In the coming month, Modi will be at SCO, G20 and G7 summits, where issues of global governance will be at the forefront. In his previous term, Modi did not shy away from engagement in the forums — he believes India should become a “leading power” articulating India’s aspirations in the world, wanting to make India part of global solutions. So expect new global ideas to emerge from Modi in the coming weeks.

Mandate for India, Honesty, Growth: Modi

The massive mandate for the BJP-led NDA is a vindication of work done for national security and development, and an honest administration that worked for the welfare of all sections of society, Prime Minister Narendra Modi has said.

In the next term, the government will work to fulfil promises for a New India by 2022 and take all along with humility, he emphasised.

“In the coming years, I will not do anything with a bad intent (badniyat ya badiraade se). Mistakes may happen while working, but no action will be done with a bad intention,” Modi said, addressing party workers at the BJP headquarters here.

Maintaining that he is a “fakir” (ascetic) who has been blessed with such a mandate, Modi promised to complete welfare projects, such as toilets, affordable housing and healthcare for all.
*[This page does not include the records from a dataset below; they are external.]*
lemma sum_move_margin:
  assumes \<alpha>: "\<alpha> \<in> C" "\<alpha> \<noteq> b"
  shows "(\<Sum>j\<in>moves. move_weight j * (margin (move_dst j) \<alpha> - margin (move_src j) \<alpha>))
    = b_gain z * (1 + (\<Sum>u\<in>C - {a, b}. \<Sum>l\<in>C - {a, b}. \<pi> u l * of_bool (\<alpha> = u)))
      + \<theta> * a_loss z * (of_bool (\<alpha> = a) - (\<Sum>u\<in>C - {a, b}. \<Sum>l\<in>C - {a, b}. \<pi> u l * of_bool (\<alpha> = l)))"
proof -
  define g where "g = (\<lambda>(u, l). \<pi> u l * (1 + of_bool (\<alpha> = u)))"
  define k where "k = (\<lambda>(u, l). \<pi> u l * (of_bool (\<alpha> = a) - of_bool (\<alpha> = l)))"
  define F where "F = (\<lambda>(i, v). z i * (1 - w i) * g v + \<theta> * z i * w (i + 1) * k v)"
  have "(\<Sum>j\<in>moves. move_weight j * (margin (move_dst j) \<alpha> - margin (move_src j) \<alpha>))
      = (\<Sum>v\<in>support. F v)"
    unfolding sum_moves
  proof (rule sum.cong[OF refl])
    fix v assume "v \<in> support"
    moreover obtain i u l where "v = (i, u, l)"
      by (cases v) blast
    ultimately show "(\<Sum>demote_a\<in>UNIV. move_weight (v, demote_a)
        * (margin (move_dst (v, demote_a)) \<alpha> - margin (move_src (v, demote_a)) \<alpha>)) = F v"
      using move_pair_margin[OF _ \<alpha>] by (simp add: F_def g_def k_def algebra_simps)
  qed
  also have "\<dots> = (\<Sum>v\<in>{1..m-1} \<times> (C - {a, b}) \<times> (C - {a, b}). F v)"
    by (rule sum_over_support) (simp add: F_def g_def k_def)
  also have "\<dots> = (\<Sum>i=1..m-1. z i * (1 - w i)) * (\<Sum>v\<in>(C - {a, b}) \<times> (C - {a, b}). g v)
      + (\<Sum>i=1..m-1. \<theta> * z i * w (i + 1)) * (\<Sum>v\<in>(C - {a, b}) \<times> (C - {a, b}). k v)"
    unfolding F_def by (rule sum_product_bilinear)
  also have "(\<Sum>i=1..m-1. z i * (1 - w i)) = b_gain z"
    by (simp add: b_gain_def mult.commute)
  also have "(\<Sum>i=1..m-1. \<theta> * z i * w (i + 1)) = \<theta> * a_loss z"
    by (simp add: a_loss_def sum_distrib_left mult_ac)
  also have "(\<Sum>v\<in>(C - {a, b}) \<times> (C - {a, b}). g v)
      = 1 + (\<Sum>u\<in>C - {a, b}. \<Sum>l\<in>C - {a, b}. \<pi> u l * of_bool (\<alpha> = u))"
    by (simp add: g_def sum.cartesian_product[symmetric] distrib_left sum.distrib \<pi>_sum)
  also have "(\<Sum>v\<in>(C - {a, b}) \<times> (C - {a, b}). k v)
      = of_bool (\<alpha> = a) - (\<Sum>u\<in>C - {a, b}. \<Sum>l\<in>C - {a, b}. \<pi> u l * of_bool (\<alpha> = l))"
  proof -
    have "(\<Sum>v\<in>(C - {a, b}) \<times> (C - {a, b}). k v)
        = (\<Sum>u\<in>C - {a, b}. \<Sum>l\<in>C - {a, b}. \<pi> u l * of_bool (\<alpha> = a))
          - (\<Sum>u\<in>C - {a, b}. \<Sum>l\<in>C - {a, b}. \<pi> u l * of_bool (\<alpha> = l))"
      by (simp add: k_def sum.cartesian_product[symmetric] right_diff_distrib sum_subtractf)
    also have "(\<Sum>u\<in>C - {a, b}. \<Sum>l\<in>C - {a, b}. \<pi> u l * of_bool (\<alpha> = a)) = of_bool (\<alpha> = a)"
      using \<pi>_sum by (simp add: sum_distrib_right[symmetric])
    finally show ?thesis .
  qed
  finally show ?thesis .
qed

lemma sum_move_margin_a:
  "(\<Sum>j\<in>moves. move_weight j * (margin (move_dst j) a - margin (move_src j) a))
    = b_gain z + \<theta> * a_loss z"
proof -
  have "(\<Sum>u\<in>C - {a, b}. \<Sum>l\<in>C - {a, b}. \<pi> u l * of_bool (a = u)) = 0"
    "(\<Sum>u\<in>C - {a, b}. \<Sum>l\<in>C - {a, b}. \<pi> u l * of_bool (a = l)) = 0"
    by (auto intro!: sum.neutral)
  then show ?thesis
    using sum_move_margin[OF a_in b_ne_a[symmetric]] by simp
qed

lemma sum_move_margin_other:
  assumes x: "x \<in> C - {a, b}"
  shows "(\<Sum>j\<in>moves. move_weight j * (margin (move_dst j) x - margin (move_src j) x))
    = b_gain z * (1 + (\<Sum>l\<in>C - {a, b}. \<pi> x l)) - \<theta> * a_loss z * (\<Sum>u\<in>C - {a, b}. \<pi> u x)"
proof -
  have singleton: "(C - {a, b}) \<inter> {x} = {x}"
    using x by blast
  have "(\<Sum>u\<in>C - {a, b}. \<Sum>l\<in>C - {a, b}. \<pi> u l * of_bool (x = u))
      = (\<Sum>u\<in>C - {a, b}. of_bool (x = u) * (\<Sum>l\<in>C - {a, b}. \<pi> u l))"
    by (simp add: sum_distrib_left mult.commute)
  also have "\<dots> = (\<Sum>l\<in>C - {a, b}. \<pi> x l)"
    using finite_C by (simp add: singleton)
  finally have "(\<Sum>u\<in>C - {a, b}. \<Sum>l\<in>C - {a, b}. \<pi> u l * of_bool (x = u))
      = (\<Sum>l\<in>C - {a, b}. \<pi> x l)" .
  moreover have "(\<Sum>u\<in>C - {a, b}. \<Sum>l\<in>C - {a, b}. \<pi> u l * of_bool (x = l))
      = (\<Sum>u\<in>C - {a, b}. \<pi> u x)"
    using finite_C by (simp add: singleton)
  ultimately show ?thesis
    using sum_move_margin[of x] x by simp
qed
“This is not Modi’s victory, but a victory of those who stand for honesty, for toilets for the poor, for affordable healthcare to the sick, for farmers… This was a government that, though not having a Left tag, worked for the unorganised sector. The vote is for giving pucca houses to the poor,” he said, adding people were sure that the funds were going to the right beneficiaries.
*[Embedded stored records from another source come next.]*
lemma bern_d2_coeff_nonneg:
  fixes k n :: nat
  assumes "6 \<le> k" and "k \<le> n"
  shows "0 \<le> bern_d2_coeff k n"
proof -
  obtain j where n: "n = k + j" using assms(2) le_Suc_ex by blast
  define K where "K = real k"
  have "0 \<le> real j * (real j - 1)" by (cases j) auto
  show ?thesis
  proof (cases "k = 6")
    case True
    then have "bern_d2_coeff k n = 3 * (real j)\<^sup>2 + 39 * real j + 120"
      unfolding n bern_d2_coeff_def by (simp add: algebra_simps power2_eq_square)
    then show ?thesis by simp
  next
    case False
    then have K7: "7 \<le> K" using assms(1) unfolding K_def by simp
    have "bern_d2_coeff k n = K * (K + real j - 4) * ((K - 7) * (K + real j) + 2 * K + 4)
        + 9 * (real j * (real j - 1))"
      unfolding n bern_d2_coeff_def K_def by (simp add: algebra_simps power2_eq_square)
    also have "\<dots> \<ge> 0"
    proof -
      have "0 \<le> K * (K + real j - 4) * ((K - 7) * (K + real j) + 2 * K + 4)"
        using K7 by (intro mult_nonneg_nonneg) auto
      then show ?thesis using \<open>0 \<le> real j * (real j - 1)\<close> by linarith
    qed
    finally show ?thesis .
  qed
qed

lemma bern_d2_coeff_small:
  fixes n :: real
  shows "bern_d2_coeff 1 n = 3 * (n - 1) * (n + 2)"
    and "bern_d2_coeff 2 n = - (n - 1) * (n - 10)"
    and "bern_d2_coeff 3 n = - 3 * (n - 1) * (n - 4)"
    and "bern_d2_coeff 4 n = - 3 * (n - 1) * (n - 4)"
    and "bern_d2_coeff 5 n = - (n - 1) * (n - 10)"
  by (simp_all add: bern_d2_coeff_def power2_eq_square algebra_simps)

section \<open>Counting connected sets\<close>

definition edge_set :: "('a \<Rightarrow> 'a \<Rightarrow> bool) \<Rightarrow> 'a set set" where
  "edge_set E = {{x, y} | x y. E x y}"

definition n_conn :: "'a set \<Rightarrow> ('a \<Rightarrow> 'a \<Rightarrow> bool) \<Rightarrow> nat \<Rightarrow> nat" where
  "n_conn V E k = card {C. connected_set V E C \<and> card C = k}"

lemma graph_size_eq_card_edge_set: "graph_size E = card (edge_set E)"
  unfolding graph_size_def edge_set_def ..

lemma finite_edge_set: "simple_graph V E \<Longrightarrow> finite (edge_set E)"
  unfolding simple_graph_def edge_set_def by (rule finite_subset[of _ "Pow V"]) auto

lemma edge_set_subset_card_2:
  assumes "simple_graph V E" and "e \<in> edge_set E"
  shows "e \<subseteq> V" and "card e = 2"
  using assms unfolding simple_graph_def edge_set_def by (auto simp: card_insert_if)

lemma finite_connected_sets: "simple_graph V E \<Longrightarrow> finite {C. connected_set V E C}"
  unfolding simple_graph_def connected_set_def by (rule finite_subset[of _ "Pow V"]) auto

lemma connected_set_card_le_edges:
  assumes "finite C" and "connected_set V E C"
  shows "card C - 1 \<le> card {e \<in> edge_set E. e \<subseteq> C}"
proof -
  obtain r where r: "r \<in> C" using assms(2) unfolding connected_set_def by blast
  define R where "R = (\<lambda>a b. E a b \<and> a \<in> C \<and> b \<in> C)"
  define d where "d v = (LEAST n. (R ^^ n) v r)" for v
  have reach: "\<exists>n. (R ^^ n) v r" if "v \<in> C" for v
    using assms(2) that r unfolding connected_set_def R_def by (simp add: rtranclp_power)
  have dR: "(R ^^ d v) v r" if "v \<in> C" for v
    unfolding d_def by (rule LeastI_ex[OF reach[OF that]])
  have "\<exists>u. R v u \<and> d u < d v" if v: "v \<in> C" "v \<noteq> r" for v
  proof -
    obtain m where m: "d v = Suc m" using dR[OF v(1)] v(2) by (cases "d v") auto
    with dR[OF v(1)] obtain u where "R v u" "(R ^^ m) u r" by (metis relpowp_Suc_D2)
    moreover have "d u \<le> m" unfolding d_def by (rule Least_le) fact
    ultimately show ?thesis using m by auto
  qed
  then obtain parent where parent: "\<And>v. v \<in> C \<Longrightarrow> v \<noteq> r \<Longrightarrow> R v (parent v) \<and> d (parent v) < d v"
    by metis
  have "inj_on (\<lambda>v. {v, parent v}) (C - {r})"
  proof (rule inj_onI)
    fix v w assume v: "v \<in> C - {r}" and w: "w \<in> C - {r}" and eq: "{v, parent v} = {w, parent w}"
    show "v = w"
    proof (rule ccontr)
      assume "v \<noteq> w"
      with eq have "v = parent w" "w = parent v" by (auto simp: doubleton_eq_iff)
      then show False using parent[of v] parent[of w] v w by auto
    qed
  qed
  moreover have "(\<lambda>v. {v, parent v}) ` (C - {r}) \<subseteq> {e \<in> edge_set E. e \<subseteq> C}"
    using parent unfolding R_def edge_set_def by blast
  moreover have "finite {e \<in> edge_set E. e \<subseteq> C}"
    using assms(1) by (rule rev_finite_subset[OF finite_Pow_iff[THEN iffD2]]) auto
  ultimately have "card (C - {r}) \<le> card {e \<in> edge_set E. e \<subseteq> C}"
    by (rule card_inj_on_le)
  then show ?thesis using r assms(1) by simp
qed

lemma card_le_graph_size_plus_1:
  assumes "simple_graph V E" and "connected_set V E V"
  shows "card V - 1 \<le> graph_size E"
proof -
  have "finite V" using assms(1) unfolding simple_graph_def by simp
  then have "card V - 1 \<le> card {e \<in> edge_set E. e \<subseteq> V}"
    using assms(2) by (rule connected_set_card_le_edges)
  also have "\<dots> \<le> graph_size E"
    unfolding graph_size_eq_card_edge_set by (rule card_mono[OF finite_edge_set[OF assms(1)]]) auto
  finally show ?thesis .
qed

lemma card_supersets_of_card:
  assumes "finite V" and "e \<subseteq> V" and "r \<le> k" and "card e = r"
  shows "card {C. C \<subseteq> V \<and> card C = k \<and> e \<subseteq> C} = (card V - r) choose (k - r)"
proof -
  have "finite e" using assms(1,2) by (rule rev_finite_subset)
  have "bij_betw (\<lambda>D. D \<union> e) {D. D \<subseteq> V - e \<and> card D = k - r} {C. C \<subseteq> V \<and> card C = k \<and> e \<subseteq> C}"
  proof (rule bij_betw_byWitness[where f' = "\<lambda>C. C - e"])
    show "(\<lambda>D. D \<union> e) ` {D. D \<subseteq> V - e \<and> card D = k - r} \<subseteq> {C. C \<subseteq> V \<and> card C = k \<and> e \<subseteq> C}"
    proof clarify
      fix D assume D: "D \<subseteq> V - e" "card D = k - r"
      then have "finite D" using assms(1) by (meson Diff_subset finite_subset)
      then have "card (D \<union> e) = card D + card e"
        using D(1) \<open>finite e\<close> by (intro card_Un_disjoint) auto
      then show "D \<union> e \<subseteq> V \<and> card (D \<union> e) = k \<and> e \<subseteq> D \<union> e" using D assms(2-4) by auto
    qed
    show "(\<lambda>C. C - e) ` {C. C \<subseteq> V \<and> card C = k \<and> e \<subseteq> C} \<subseteq> {D. D \<subseteq> V - e \<and> card D = k - r}"
      using assms \<open>finite e\<close> by (auto simp: card_Diff_subset)
  qed auto
  then have "card {C. C \<subseteq> V \<and> card C = k \<and> e \<subseteq> C} = card {D. D \<subseteq> V - e \<and> card D = k - r}"
    by (simp add: bij_betw_same_card)
  also have "\<dots> = (card V - r) choose (k - r)"
    using assms \<open>finite e\<close> by (simp add: n_subsets card_Diff_subset)
  finally show ?thesis .
qed

lemma sum_card_edges_in_subsets:
  assumes "simple_graph V E" and "2 \<le> k"
  shows "(\<Sum>C\<in>{C. C \<subseteq> V \<and> card C = k}. card {e \<in> edge_set E. e \<subseteq> C})
    = graph_size E * ((card V - 2) choose (k - 2))"
proof -
  have "finite V" using assms(1) unfolding simple_graph_def by simp
  define K where "K = {C. C \<subseteq> V \<and> card C = k}"
  have "finite K" unfolding K_def using \<open>finite V\<close> by (rule rev_finite_subset[OF finite_Pow_iff[THEN iffD2]]) auto
  have "(\<Sum>C\<in>K. card {e \<in> edge_set E. e \<subseteq> C})
      = (\<Sum>C\<in>K. \<Sum>e\<in>edge_set E. if e \<subseteq> C then 1 else 0)"
    using finite_edge_set[OF assms(1)] by (simp add: sum.If_cases Int_def)
  also have "\<dots> = (\<Sum>e\<in>edge_set E. card {C \<in> K. e \<subseteq> C})"
    using \<open>finite K\<close> by (subst sum.swap) (simp add: sum.If_cases Int_def)
  also have "\<dots> = (\<Sum>e\<in>edge_set E. (card V - 2) choose (k - 2))"
  proof (rule sum.cong)
    fix e assume "e \<in> edge_set E"
    with assms(1) have "e \<subseteq> V" "card e = 2" by (rule edge_set_subset_card_2)+
    then show "card {C \<in> K. e \<subseteq> C} = (card V - 2) choose (k - 2)"
      using card_supersets_of_card[OF \<open>finite V\<close> _ assms(2)] unfolding K_def by simp
  qed simp
  finally show ?thesis unfolding K_def graph_size_eq_card_edge_set by simp
qed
The BJP had gone to the people with a mandate for New India, the Prime Minister pointed out.

Drawing an analogy from the Mahabharata, he said, “In Mahabharata, Sri Krishna was asked on which side he was. He said he was not on any side, but (on the side of) those working for the good of Hastinapur. In this election, people stood for Bharat.”

He also set 2022 — when India completes 75 years since Independence — as the deadline to complete several of his government’s welfare projects.
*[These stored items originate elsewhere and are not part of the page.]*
(* Suppose $|B|>|B|_c$. Then there exists a constant $C>0$ such that for every $v=(v_1,v_2)\in H^1(\Omega;\mathbb{R}^2)$, $\Omega=\mathbb{R}\times(-1,1)$, with $v(x_1,\pm1)=0$, $$\int_\Omega|B|^2|\partial_2v|^2dx-\int_{\mathbb{R}}g[\rho]|v_2(x_1,0)|^2dx_1\ge C^{-1}\big(\|v\|_{L^2}^2+\|\partial_2v\|_{L^2}^2\big).$$
   Context: $g>0$, $[\rho]>0$ constants; $|B|_c^2:=\sup\{g[\rho]\psi(0)^2/\int_{-1}^1|\psi'|^2dx_2: 0\ne\psi\in H_0^1((-1,1))\}$; norms are $L^2(\Omega)$ norms. *)

theory Defs
  imports "HOL-Analysis.Analysis"
begin

definition strip :: "(real \<times> real) set" where
  "strip = {x. -1 < snd x \<and> snd x < 1}"

definition L2_strip :: "(real \<times> real \<Rightarrow> real \<times> real) \<Rightarrow> bool" where
  "L2_strip f \<longleftrightarrow> set_borel_measurable lborel strip f \<and>
     set_integrable lborel strip (\<lambda>x. (norm (f x))^2)"

definition test_fun_strip ::
  "(real \<times> real \<Rightarrow> real) \<Rightarrow> (real \<times> real \<Rightarrow> real) \<Rightarrow> (real \<times> real \<Rightarrow> real) \<Rightarrow> bool" where
  "test_fun_strip \<phi> \<phi>1 \<phi>2 \<longleftrightarrow>
     (\<forall>x. (\<phi> has_derivative (\<lambda>h. fst h * \<phi>1 x + snd h * \<phi>2 x)) (at x)) \<and>
     continuous_on UNIV \<phi>1 \<and> continuous_on UNIV \<phi>2 \<and>
     compact (closure {x. \<phi> x \<noteq> 0}) \<and> closure {x. \<phi> x \<noteq> 0} \<subseteq> strip"

definition weak_d1 :: "(real \<times> real \<Rightarrow> real \<times> real) \<Rightarrow> (real \<times> real \<Rightarrow> real \<times> real) \<Rightarrow> bool" where
  "weak_d1 v w \<longleftrightarrow> (\<forall>\<phi> \<phi>1 \<phi>2. test_fun_strip \<phi> \<phi>1 \<phi>2 \<longrightarrow>
     (LINT x:strip|lborel. \<phi>1 x *\<^sub>R v x) = - (LINT x:strip|lborel. \<phi> x *\<^sub>R w x))"

definition weak_d2 :: "(real \<times> real \<Rightarrow> real \<times> real) \<Rightarrow> (real \<times> real \<Rightarrow> real \<times> real) \<Rightarrow> bool" where
  "weak_d2 v w \<longleftrightarrow> (\<forall>\<phi> \<phi>1 \<phi>2. test_fun_strip \<phi> \<phi>1 \<phi>2 \<longrightarrow>
     (LINT x:strip|lborel. \<phi>2 x *\<^sub>R v x) = - (LINT x:strip|lborel. \<phi> x *\<^sub>R w x))"

text \<open>v in H^1(Omega;R^2) with weak derivatives d1v, d2v, v is (the representative that is)
  continuous in x2 on [-1,1] for a.e. x1, and has zero trace v(x1,+-1)=0.
  For such a representative the trace on {x2 = c} is v(x1,c).\<close>
definition H1_strip_zero_trace ::
  "(real \<times> real \<Rightarrow> real \<times> real) \<Rightarrow> (real \<times> real \<Rightarrow> real \<times> real) \<Rightarrow> (real \<times> real \<Rightarrow> real \<times> real) \<Rightarrow> bool" where
  "H1_strip_zero_trace v d1v d2v \<longleftrightarrow>
     L2_strip v \<and> L2_strip d1v \<and> L2_strip d2v \<and> weak_d1 v d1v \<and> weak_d2 v d2v \<and>
     (AE x1 in lborel. continuous_on {-1..1} (\<lambda>t. v (x1, t)) \<and> v (x1, -1) = 0 \<and> v (x1, 1) = 0)"

definition test_fun_int :: "(real \<Rightarrow> real) \<Rightarrow> (real \<Rightarrow> real) \<Rightarrow> bool" where
  "test_fun_int \<phi> \<phi>' \<longleftrightarrow> (\<forall>x. (\<phi> has_real_derivative \<phi>' x) (at x)) \<and> continuous_on UNIV \<phi>' \<and>
     compact (closure {x. \<phi> x \<noteq> 0}) \<and> closure {x. \<phi> x \<noteq> 0} \<subseteq> {-1<..<1}"
text \<open>The first step of the walk from m, split according to the length s of its jump.\<close>

definition first_step_factor :: "nat \<Rightarrow> nat \<Rightarrow> nat \<Rightarrow> (nat \<Rightarrow> nat \<Rightarrow> nat) \<Rightarrow> ennreal" where
  "first_step_factor R m s z =
    (if 1 \<le> s \<and> min_jump k z m = s \<and> (\<forall>i<k. z i m \<le> m + R) then ennreal (exp (shifted_tail R m)) else 0)"

lemma depends_on_first_step_factor: "depends_on {m} (first_step_factor R m s)"
  unfolding depends_on_def
proof (intro allI impI)
  fix z z' :: "nat \<Rightarrow> nat \<Rightarrow> nat" assume "\<forall>i<k. \<forall>n\<in>{m}. z i n = z' i n"
  then have agree: "\<And>i. i < k \<Longrightarrow> z i m = z' i m" by simp
  then have "min_jump k z m = min_jump k z' m" by (rule min_jump_cong)
  moreover have "(\<forall>i<k. z i m \<le> m + R) \<longleftrightarrow> (\<forall>i<k. z' i m \<le> m + R)" using agree by simp
  ultimately show "first_step_factor R m s z = first_step_factor R m s z'"
    unfolding first_step_factor_def by simp
qed

lemma walk_exp_weight_eq_suminf:
  assumes "1 \<le> m" "\<forall>i<k. 1 \<le> z i m"
  shows "walk_exp_weight k (shifted_tail R) R (int m) z =
    (\<Sum>s. first_step_factor R m s z * walk_exp_weight k (shifted_tail R) R (int m - int s) z)"
proof -
  define s0 where "s0 = min_jump k z m"
  have "1 \<le> s0" unfolding s0_def using assms(2) le_min_jump_iff[OF k_pos] by auto
  then have "walk_exp_weight k (shifted_tail R) R (int m) z =
      first_step_factor R m s0 z * walk_exp_weight k (shifted_tail R) R (int m - int s0) z"
    using walk_exp_weight_unfold[OF k_pos, of "int m" z "shifted_tail R" R] assms(1)
    unfolding first_step_factor_def s0_def by (cases "\<forall>i<k. z i m \<le> m + R") (simp_all, blast)
  also have "\<dots> = (\<Sum>s. first_step_factor R m s z * walk_exp_weight k (shifted_tail R) R (int m - int s) z)"
    by (subst suminf_finite[of "{s0}"]) (auto simp: first_step_factor_def s0_def)
  finally show ?thesis .
qed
Underlining the need to maintain peace and decorum in the wake of such a grand victory, Modi asked party cadre to stay humble and dignified. “BJP’s speciality is that when it was reduced to just two seats (in 1984), it did not deviate from its ideals and principles or lose hope, and today when it has won a consecutive term we will not lose our dignity and humility.” Every BJP worker has worked for Bharat Mata’s triumph, he said.

Modi also took a dig at those raising the bogey of secularism to oppose the BJP.

“Some people used to hide behind the printout or tag of secularism. You must have seen, from 2014 to 2019 they stopped raising this issue. No political party could wear the veil of secularism and mislead the people,” he said.

While the 2014 mandate came at a time when people did not know him that well, the one in 2019 has come after they had become familiar with him and his work, the Prime Minister said.

Somewhere in Kashmir....

Zakir Rashid Bhat, alias Zakir Musa, the so-called chief of Ansar Ghazwat-ul-Hind, a group affiliated with Al Qaeda, was killed in an encounter with security forces in Dadsara Village, in Tral in south Kashmir’s Pulwama District.

Following a tip-off about the presence of top terrorist commanders in the area, a joint cordon and search operation was launched by the Special Operations Group of Jammu and Kashmir Police, 42 RR of Army and the Central Reserve Police Force.

While top police officials did not confirm the killing, special forces of the army rushed to the encounter spot to assist the forces. Additional forces were deployed in the twin districts of Shopian and Pulwama to control possible law and order crisis.

The administration also ordered the closure of all schools and colleges across Kashmir on Friday.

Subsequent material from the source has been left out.